Thus, a comfortable and safe disembarking of the user is
possible.
[0023] Preferably, the trajectory and the break point for the
disembarking of a user are determined and adapted such that a
predetermined distance is maintained to the detected objects. For
example, if these objects are further vehicles, then a
predetermined distance is maintained. This distance to be
maintained considers, for example, the case in which a vehicle door
of the further vehicle is opened. The vehicle, which moves during
the parking process or stands at the break point, may not collide
with the open door. Overall, safety distances to objects along the
trajectory during the parking process or the break process can be
provided such that a collision-free implementation of the parking
process is supported.
[0024] In one development of the method, the trajectory and the
break point for the disembarking of a user are determined and
adapted such that the seat occupation of the vehicle is
considered.
[0025] Therein, for example, the positioning of the vehicle in a
parking space or next to a lateral limit is adapted depending on a
seat occupation of the vehicle. The lateral distances of the
vehicle to objects, for example, other vehicles, which limit the
parking space or break point laterally, can be selected such that
the respective vehicle user can disembark from the vehicle without
problem. If only a driver sits in the vehicle, a correspondingly
shorter distance to an object limiting the parking space or the
break point can be selected than on the passenger side. This
enables an optimum use of a narrow parking space.

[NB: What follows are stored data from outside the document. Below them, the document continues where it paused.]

lemma u_has_derivative: "(u has_vector_derivative angular_speed s *\<^sub>R u_perp s) (at s)"
proof -
  obtain d where d: "((\<lambda>s. 1 / radius s) has_real_derivative d) (at s)"
    using inverse_radius_has_derivative .
  let ?h' = "p * w' s / sqrt a"
  let ?D = "(1 / radius s) *\<^sub>R (T s - ?h' *\<^sub>R rot_axis) + d *\<^sub>R (radius s *\<^sub>R u s)"
  have "((\<lambda>s. height s *\<^sub>R rot_axis) has_vector_derivative ?h' *\<^sub>R rot_axis) (at s)"
    using has_vector_derivative_scaleR[OF height_has_derivative has_vector_derivative_const] by simp
  from has_vector_derivative_scaleR[OF d has_vector_derivative_diff[OF curve_has_tangent[OF arc] this]]
  have "(u has_vector_derivative (1 / radius s) *\<^sub>R (T s - ?h' *\<^sub>R rot_axis)
      + d *\<^sub>R (\<gamma> s - height s *\<^sub>R rot_axis)) (at s)"
    unfolding u_def[abs_def] .
  then have D: "(u has_vector_derivative ?D) (at s)"
    by (simp only: curve_minus_height)
  have "?D = (?D \<bullet> rot_axis) *\<^sub>R rot_axis + (?D \<bullet> u s) *\<^sub>R u s
      + (?D \<bullet> u_perp s) *\<^sub>R u_perp s"
    using orthonormal_frame_expansion[OF _ _ inner_rot_axis_u] inner_rot_axis_self inner_u_self
    unfolding u_perp_def norm_eq_1 by blast
  also have "?D \<bullet> rot_axis = 0"
    by (simp add: inner_add_left inner_diff_left inner_tangent_rot_axis inner_rot_axis_self inner_u_rot_axis)
  also have "?D \<bullet> u s = 0"
    using inner_constant_derivative[OF inner_u_self D D] by (simp add: inner_commute)
  also have "?D \<bullet> u_perp s = c s / (sqrt a * (radius s)\<^sup>2)"
    unfolding u_perp_def using inner_tangent_u_perp[of s, unfolded u_perp_def]
    by (simp add: inner_add_left inner_diff_left dot_cross_self power2_eq_square)
  also have "\<dots> = c s * (a / sqrt a) / (a - (p * w s)\<^sup>2)"
    unfolding radius_sq one_minus_height_sq using a_pos a_minus_sq_w_pos[of s] by simp
  also have "\<dots> = angular_speed s"
    unfolding angular_speed_eq using a_pos by (simp add: real_div_sqrt)
  finally show ?thesis using D by simp
qed

lemma u_perp_has_derivative: "(u_perp has_vector_derivative - angular_speed s *\<^sub>R u s) (at s)"
proof -
  have "(u_perp has_vector_derivative
      rot_axis \<times> (angular_speed s *\<^sub>R (rot_axis \<times> u s)) + 0 \<times> u s) (at s)"
    unfolding u_perp_def[abs_def]
    using bounded_bilinear.has_vector_derivative[OF bounded_bilinear_cross3
        has_vector_derivative_const[of rot_axis] u_has_derivative[unfolded u_perp_def]] .
  moreover have "rot_axis \<times> (angular_speed s *\<^sub>R (rot_axis \<times> u s)) + 0 \<times> u s
      = - angular_speed s *\<^sub>R u s"
    using Lagrange[of rot_axis rot_axis "u s"]
    by (simp add: cross_mult_right inner_rot_axis_self inner_rot_axis_u)
  ultimately show ?thesis by simp
qed

definition "polar_angle =
  (SOME \<theta>. \<theta> 0 = 0 \<and> (\<forall>s. (\<theta> has_real_derivative angular_speed s) (at s)))"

[0026] Preferably the completion of the parking process is
initiated by the user after the break point, either by means of a
mobile operating unit or by means of a voice control device or by
means of a gesture recognition device.
[0027] Preferably if the enabling of the activation of the
continuation of the parking process occurs from outside the vehicle
only after the break point, i.e., only for single-stroke parking, a
simple operating device can be used. This can, for example, be
implemented by means of a simple mobile operating unit having two
operating elements with which the forward and backward driving is
activated separately. Likewise, the forward or the backward driving
can be implemented simply by voice command or two different hand
signals.
[0028] Finally it is preferable that the driving direction of the
vehicle is displayed during the parking process by a lighting
device on the vehicle. A light signal can be used in order to
clarify the driving direction of the vehicle to the user situated
outside the vehicle. For this purpose, for example, the front
indicators can be controlled for the forward driving and the rear
indicators for the backward driving.
[0029] Thus, a simple mobile operating device can be used. A
complex display device that depicts the driving direction of the
vehicle can be dispensed with. A user who is situated outside the
vehicle can always direct his view to the vehicle and thus better
monitor the parking process.
[0030] Preferably, the flashing frequency of the lighting device of
the vehicle varies depending on the distance to the detected
objects. The distance to the next recognized obstacle is
communicated to the user via the flashing frequency. The shorter
the distance, the faster the lights flash.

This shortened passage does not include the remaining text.